**Given data**
• • • • •

text \<open>Proper co-compact actions on geodesic spaces have finite orbit balls: an
  element g with d(gy, y) \<le> R is, up to conjugation by a fixed marker of y, a
  word of length about R / \<epsilon> in the finite set T, read off along a geodesic from
  y to gy.\<close>
lemma orbit_ball_finite:
  assumes geodesic: "\<And>x y :: 'a. \<exists>\<gamma>. geodesic_path \<gamma> x y"
    and pr: "proper_action G \<phi>" and cc: "cocompact_action G \<phi>"
  shows "finite {g \<in> carrier G. dist (\<phi> g y) y \<le> R}"
proof -
  obtain \<epsilon> T M where \<epsilon>: "0 < \<epsilon>" and T: "finite T" "T \<subseteq> carrier G"
    and M: "\<And>h p. M h p \<Longrightarrow> h \<in> carrier G" "\<And>p. \<exists>h. M h p"
      "\<And>g h p. g \<in> carrier G \<Longrightarrow> M h p \<Longrightarrow> M (g \<otimes> h) (\<phi> g p)"
      "\<And>h h' p q. M h p \<Longrightarrow> M h' q \<Longrightarrow> dist p q \<le> \<epsilon> \<Longrightarrow> inv h \<otimes> h' \<in> T"
    by (rule uniform_step_set[OF pr cc]) blast
  obtain mark where mark: "\<And>p. M (mark p) p" using M(2) by metis
  define h0 where "h0 = mark y"
  have h0: "h0 \<in> carrier G" "M h0 y" using mark M(1) unfolding h0_def by auto
  define N where "N = nat \<lceil>R / \<epsilon>\<rceil> + 1"
  have "0 < N" unfolding N_def by simp
  have "R / \<epsilon> \<le> real N" using real_nat_ceiling_ge[of "R / \<epsilon>"] unfolding N_def by linarith
  then have R_le: "R \<le> \<epsilon> * N" using \<epsilon> by (simp add: field_simps)
  have "g \<in> (\<lambda>w. h0 \<otimes> w \<otimes> inv h0) ` words G T N" if g: "g \<in> carrier G" "dist y (\<phi> g y) \<le> R" for g
  proof -
    obtain \<gamma> where \<gamma>: "geodesic_path \<gamma> y (\<phi> g y)" using geodesic by blast
    define p where "p k = \<gamma> (real k * dist y (\<phi> g y) / N)" for k
    have p_ends: "p 0 = y" "p N = \<phi> g y"
      using geodesic_path_endpoints[OF \<gamma>] \<open>0 < N\<close> unfolding p_def by auto
    have "dist y (\<phi> g y) / N \<le> \<epsilon>" using g(2) R_le \<open>0 < N\<close> by (simp add: field_simps)
    then have step: "dist (p k) (p (Suc k)) \<le> \<epsilon>" if "k < N" for k
      using geodesic_subdivision_step[OF \<gamma> that] unfolding p_def by simp
    define mk where "mk k = (if k = 0 then h0 else if k = N then g \<otimes> h0 else mark (p k))" for k
    have mk_marks: "M (mk k) (p k)" for k
      using h0 M(3)[OF g(1) h0(2)] mark p_ends \<open>0 < N\<close> unfolding mk_def by auto
    have mk_carrier: "mk k \<in> carrier G" for k using M(1)[OF mk_marks] .
    have mk_steps: "inv (mk k) \<otimes> mk (Suc k) \<in> T" if "k < N" for k
      using M(4)[OF mk_marks mk_marks step[OF that]] .
    have "\<exists>w\<in>words G T N. mk N = mk 0 \<otimes> w"
      using chain_in_words[of T mk N N, OF T(2) mk_carrier mk_steps] by simp
    then obtain w where w: "w \<in> words G T N" "g \<otimes> h0 = h0 \<otimes> w"
      using \<open>0 < N\<close> unfolding mk_def by auto
    have "w \<in> carrier G" using w(1) words_carrier[OF T(2)] by blast
    then have "g = h0 \<otimes> w \<otimes> inv h0" using w(2) g(1) h0(1) by (simp add: inv_solve_right)
    then show ?thesis using w(1) by blast
  qed
  then have "{g \<in> carrier G. dist (\<phi> g y) y \<le> R} \<subseteq> (\<lambda>w. h0 \<otimes> w \<otimes> inv h0) ` words G T N"
    by (auto simp: dist_commute)
  then show ?thesis using words_finite[OF T(1)] finite_subset by blast
qed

• • • • •

Transcribe the records above from the line holding "by (rule uniform_step_set[OF" down to the line holding "h0_def by auto", inclusive, without adding anything.

    by (rule uniform_step_set[OF pr cc]) blast
  obtain mark where mark: "\<And>p. M (mark p) p" using M(2) by metis
  define h0 where "h0 = mark y"
  have h0: "h0 \<in> carrier G" "M h0 y" using mark M(1) unfolding h0_def by auto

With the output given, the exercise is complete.